Q2- now for each row you want to print one int value at a time, so when you have int* p- this means each increment is done by sizeof(int).

Q3- the increment is for the pointer- not the value- its easy to see for yourself if you do another print in your main.

Hope this help, good luck!

Answer 3

The in-memory view of 2D myArr array would be something like this:

        myArr
         ---------------------
myArr[0] | 12 | 16 | 19 | 20 |
         ---------------------
myArr[1] | 5  | 99 |102 |200 |
         ---------------------
myArr[2] | 12 | 20 | 25 |600 |
         ---------------------
myArr[3] | 65 | 66 |999 |1000|
         ---------------------

Question 1: Here, I've passed the pointer to the function and I keep thinking, "What is this loop iterating over?". Am I correct in thinking that I am incrementing the pointer to each of the first elements in each array (myArr[0][0], myArr[1][0], myArr[2][0], myArr[3][0])? Also, am I correct in assuming that the syntax of this line is in essence saying: "Execute the function passing the current pointer and THEN when it's done, increment the pointer."?

Answer of question 1:

int (*pt)[4]

pt is pointer to an array of 4 integer. This statement

pt = myArr;

makes the pt pointing to first 1D array of myArr 2D array.

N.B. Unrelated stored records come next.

(* Every U(1)-invariant operation $\mathcal{E}$ on $\mathcal{H}'$ admits a Kraus decomposition $\{K_{k,\alpha}\}$, with $k\in\mathbb{Z}$ and $\alpha$ an integer (multiplicity) index, such that $$K_{k,\alpha}=S_k\tilde K_{k,\alpha},\qquad \tilde K_{k,\alpha}=\sum_{n}c^{(k,\alpha)}_n|n\rangle\langle n|,\qquad S_k=\sum_{n=\max\{0,-k\}}^{\infty}|n+k\rangle\langle n|,$$ for some complex coefficients $c_n^{(k,\alpha)}$. Thus $\tilde K_{k,\alpha}$ changes the relative amplitudes of the number states (possibly eliminating some) and $S_k$ shifts the number upward by $k$ (downward by $|k|$ if $k<0$). The coefficients satisfy $\sum_{k,\alpha}|c_n^{(k,\alpha)}|^2\le 1$ for all $n$, with equality for all $n$ if $\mathcal{E}$ is trace-preserving.
   Context: Let $\mathcal{H}'$ be the Hilbert space with orthonormal basis $\{|n\rangle: n=0,1,2,\dots\}$, let $\hat N=\sum_n n|n\rangle\langle n|$, and let U(1) act by $T(\phi)=e^{i\phi\hat N}$, $\phi\in[0,2\pi)$. A U(1)-invariant operation is a completely positive, trace-nonincreasing linear map $\mathcal{E}$ on (trace-class) operators on $\mathcal{H}'$ such that $\mathcal{E}(T(\phi)XT(\phi)^\dagger)=T(\phi)\mathcal{E}(X)T(\phi)^\dagger$ for all $\phi$ and all $X$. A Kraus decomposition of $\mathcal{E}$ is a family of operators $\{K_i\}$ with $\mathcal{E}(X)=\sum_iK_iXK_i^\dagger$. *)

theory Defs
  imports "HOL-Analysis.Analysis"
begin

text \<open>Operators on H' = l2(N) are represented by their matrix elements
  A m n = <m|A|n> with respect to the orthonormal basis {|n>}.\<close>

type_synonym mat = "nat \<Rightarrow> nat \<Rightarrow> complex"

definition mat_mult :: "mat \<Rightarrow> mat \<Rightarrow> mat" where
  "mat_mult A B = (\<lambda>i j. \<Sum>\<^sub>\<infinity>p. A i p * B p j)"
lemma components_on_eq_sides:
  assumes "A \<noteq> {}" "B \<noteq> {}" "A \<inter> B = {}"
    and no_cross: "\<forall>u\<in>A. \<forall>v\<in>B. {u, v} \<notin> E"
    and two: "card (components_on E (A \<union> B)) = 2"
  shows "components_on E (A \<union> B) = {A, B}"
proof -
  obtain a b where "a \<in> A" "b \<in> B" using assms(1,2) by blast
  have "\<forall>u\<in>B. \<forall>v\<in>A. {u, v} \<notin> E" using no_cross by (metis insert_commute)
  moreover have "B \<inter> A = {}" "card (components_on E (B \<union> A)) = 2"
    using assms(3) two by (auto simp: Un_commute)
  ultimately have "{y \<in> A \<union> B. reach_in E (A \<union> B) x y} = B" if "x \<in> B" for x
    using component_eq_side_if_two_components[OF that \<open>a \<in> A\<close>] by (simp add: Un_commute)
  moreover have "{y \<in> A \<union> B. reach_in E (A \<union> B) x y} = A" if "x \<in> A" for x
    using component_eq_side_if_two_components[OF that \<open>b \<in> B\<close> assms(3) no_cross two] .
  ultimately show ?thesis
    using assms(1,2) unfolding components_on_def image_Un by auto
qed

lemma connected_on_remove_vertex:
  assumes "two_vertex_connected V E"
  shows "connected_on E (V - {v})"
proof (cases "v \<in> V")
  case True
  then show ?thesis using assms unfolding two_vertex_connected_def vertex_cut_def by blast
next
  case False
  then show ?thesis using assms unfolding two_vertex_connected_def by simp
qed

lemma two_vertex_cut_if_disconnected:
  assumes "two_vertex_connected V E" "\<not> connected_on E (V - {a, b})"
  shows "two_vertex_cut V E a b"
proof -
  have "a \<noteq> b" using assms connected_on_remove_vertex[of V E a] by auto
  moreover have "{a, b} \<subseteq> V"
  proof (rule ccontr)
    assume "\<not> {a, b} \<subseteq> V"
    then have "V - {a, b} = V - {a} \<or> V - {a, b} = V - {b}" by blast
    then show False using assms connected_on_remove_vertex by metis
  qed
  ultimately show ?thesis using assms(2) unfolding two_vertex_cut_def vertex_cut_def by blast
qed

lemma edge_if_card_Diff_pair_eq_1:
  assumes "finite S" "card S \<ge> 3" "card S = 3 \<longrightarrow> is_triangle_on E S"
    and "card (S - {a, b}) = 1" "a \<noteq> b"
  shows "{a, b} \<in> E"
proof -
  have "card (S - {a, b}) = card S - card (S \<inter> {a, b})"
    using assms(1) by (simp add: card_Diff_subset_Int)
  moreover have "card (S \<inter> {a, b}) \<le> card {a, b}" by (rule card_mono) auto
  moreover have "card {a, b} = 2" using assms(5) by simp
  ultimately have "card S = 3" "card (S \<inter> {a, b}) = 2" using assms(2,4) by linarith+
  then have "{a, b} \<subseteq> S"
    using assms(5) card_subset_eq[of "{a, b}" "S \<inter> {a, b}"] by auto
  then show ?thesis
    using \<open>card S = 3\<close> assms(3,5) unfolding is_triangle_on_def by blast
qed

lemma Diff_pair_nonempty_if_card_ge_3:
  assumes "card S \<ge> 3"
  shows "S - {a, b} \<noteq> {}"
proof -
  have "card S - card {a, b} \<le> card (S - {a, b})" by (rule diff_card_le_card_Diff) simp
  moreover have "card {a, b} \<le> 2" by (cases "a = b") simp_all
  ultimately have "card (S - {a, b}) > 0" using assms by linarith
  then show ?thesis by (simp add: card_gt_0_iff)
qed
(* Let $K$, $L$, $A$ be as in the context, and suppose there is an $A$-scaffold on $L$ of tolerance $\mathfrak{T}\ge1$ with shift parameters $b_1,\dots,b_n$ (and elements $\lambda_t$, $\Psi_i$). Then $\{\Psi^{(s)}:s\in\mathbb{S}_{p^n}\}$ is a $K$-basis of $A$. Moreover, let $b'$ be any integer with $\mathfrak{a}(b')=p^n-1$ and let $\rho\in L$ with $v_L(\rho)=b'$. Then $L$ is a free $A$-module on the generator $\rho$. Additionally, for each $h\in\mathbb{Z}$, the ring $\mathfrak{A}(h,A)=\{\alpha\in A:\alpha\cdot\mathfrak{P}_L^h\subseteq\mathfrak{P}_L^h\}$ is an $\mathfrak{O}_K$-order in $A$.
   Context: Let $K$ be a field complete with respect to a discrete valuation, with residue field $\kappa$ of characteristic $p>0$ ($\kappa$ need not be perfect; $K$ may have characteristic $0$ or $p$). Let $L/K$ be a totally ramified field extension of degree $p^n$; let $v_K,v_L$ be the normalized valuations ($v_K(K^\times)=v_L(L^\times)=\mathbb{Z}$), $\mathfrak{O}_K,\mathfrak{O}_L$ the valuation rings, $\mathfrak{P}_K,\mathfrak{P}_L$ their maximal ideals. Let $A$ be a $K$-algebra with $\dim_K A=p^n$ acting $K$-linearly on $L$ (making $L$ a left $A$-module), written $\alpha\cdot x$. Let $\mathbb{S}_{p^n}=\{0,\dots,p^n-1\}$; write $s\in\mathbb{S}_{p^n}$ in base $p$ as $s=\sum_{i=1}^n s_{(n-i)}p^{n-i}$ with $s_{(n-i)}\in\{0,\dots,p-1\}$. Given integers $b_1,\dots,b_n$ prime to $p$ (shift parameters), put $\mathfrak{b}(s)=\sum_{i=1}^n s_{(n-i)}p^{n-i}b_i$; the map $s\mapsto\mathfrak{b}(s)\bmod p^n$ is a bijection of $\mathbb{S}_{p^n}$, and for $t\in\mathbb{Z}$ let $\mathfrak{a}(t)\in\mathbb{S}_{p^n}$ be the unique element with $\mathfrak{b}(\mathfrak{a}(t))\equiv -t\pmod{p^n}$, with base-$p$ digits $\mathfrak{a}(t)_{(n-i)}$. An $A$-scaffold on $L$ of tolerance $\mathfrak{T}\ge1$ (possibly $\mathfrak{T}=\infty$) with shift parameters $b_1,\dots,b_n$ consists of: (i) elements $\lambda_t\in L$ for $t\in\mathbb{Z}$ with $v_L(\lambda_t)=t$ and $\lambda_{t_1}\lambda_{t_2}^{-1}\in K$ whenever $t_1\equiv t_2\pmod{p^n}$; (ii) elements $\Psi_1,\dots,\Psi_n\in A$ with $\Psi_i\cdot1=0$, such that for each $i$ and each $t\in\mathbb{Z}$ there is a unit $u_{i,t}\in\mathfrak{O}_K^\times$ with $\Psi_i\cdot\lambda_t\equiv u_{i,t}\lambda_{t+p^{n-i}b_i}$ if $\mathfrak{a}(t)_{(n-i)}\ge1$ and $\Psi_i\cdot\lambda_t\equiv0$ if $\mathfrak{a}(t)_{(n-i)}=0$, congruences modulo $\lambda_{t+p^{n-i}b_i}\mathfrak{P}_L^{\mathfrak{T}}$ (equalities if $\mathfrak{T}=\infty$). For $s\in\mathbb{S}_{p^n}$, $\Psi^{(s)}=\Psi_n^{s_{(0)}}\Psi_{n-1}^{s_{(1)}}\cdots\Psi_1^{s_{(n-1)}}$. *)

theory Defs
  imports Main "HOL-Library.Extended_Nat" "HOL-Computational_Algebra.Primes"
begin

text \<open>The field L is modelled as a type 'l of class field; K is a subfield given as a subset.
  v is the normalized discrete valuation v_L on L (only meaningful on nonzero elements).\<close>

definition subfield_of :: "'l::field set \<Rightarrow> bool" where
  "subfield_of K \<longleftrightarrow> 0 \<in> K \<and> 1 \<in> K \<and> (\<forall>x\<in>K. \<forall>y\<in>K. x + y \<in> K \<and> x * y \<in> K)
     \<and> (\<forall>x\<in>K. - x \<in> K) \<and> (\<forall>x\<in>K. x \<noteq> 0 \<longrightarrow> inverse x \<in> K)"

definition normalized_discrete_valuation :: "('l::field \<Rightarrow> int) \<Rightarrow> bool" where
  "normalized_discrete_valuation v \<longleftrightarrow>
     (\<forall>x y. x \<noteq> 0 \<longrightarrow> y \<noteq> 0 \<longrightarrow> v (x * y) = v x + v y)
   \<and> (\<forall>x y. x \<noteq> 0 \<longrightarrow> y \<noteq> 0 \<longrightarrow> x + y \<noteq> 0 \<longrightarrow> v (x + y) \<ge> min (v x) (v y))
   \<and> (\<forall>t. \<exists>x. x \<noteq> 0 \<and> v x = t)"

It is similar to:

pt = &myArr[0];

The impact of both the statement will be like this:

pt--------|
         \|/
         ---------------------
myArr[0] | 12 | 16 | 19 | 20 |
         ---------------------

When you increment a pointer, it gets incremented in steps of the object size that the pointer can point to. Here

printMyArr(pt++);

first the pt pointer value passed to printMyArr() and then pt will be incremented and since its type is int (*)[4] that means it can point to an object which is an array of 4 integers, so after increment the pt will point to the address (which is address pointing to + size of array of 4 int) i.e. to myArr[1] address.

Note that this:

for(counter=0; counter<4; counter++)
        printMyArr(pt++);

is same as this:

for(counter=0; counter<4; counter++)
        printMyArr(&myArr[counter]);
                   ^^^^^^^^^^^^^^^

Question 2: This is what has me the most confused. After quite a bit of digging I found this bit to make it run right and I realize this is how it works, but why?

Answer of question 2:

Here

p = (int *)pt;   // pt is pointer to an array of `4` integer

if you remove the (int *) cast, you will find that the compiler is giving a warning message on this statement. The reason is p and pt are not the compatible pointer types. The type of p is int * whereas the type of pt is int (*)[4]. This incompatible pointer assignment is working because the address of an array and address of first element of an array is numerically same though their type is different. Instead, you should do

p = &(*pt)[0];

From C Standards#6.5.2.1

The definition of the subscript operator [] is that E1[E2] is identical to (*((E1)+(E2)))

by this rule

&(*pt)[0] --> &(*((*pt)+(0))) --> ((*p)+(0)) --> *p

The operator & is used to get the address and the operator * is used for dereferencing. These operators cancel the effect of each other when used one after another.

Hence, this statement

p = &(*pt)[0];

is same as this statement

p = *pt;

Question 3: Am I correct thinking that I am incrementing each element here?

Answer of question 3:

Yes.
p is a pointer pointing to first element of array of 4 integer and its type is int * i.e. it can point to an object which is an int. When you are doing *p++, this will first dereference p and get the value at the address it is pointing to then the p will be incremented and pointing to next element of array.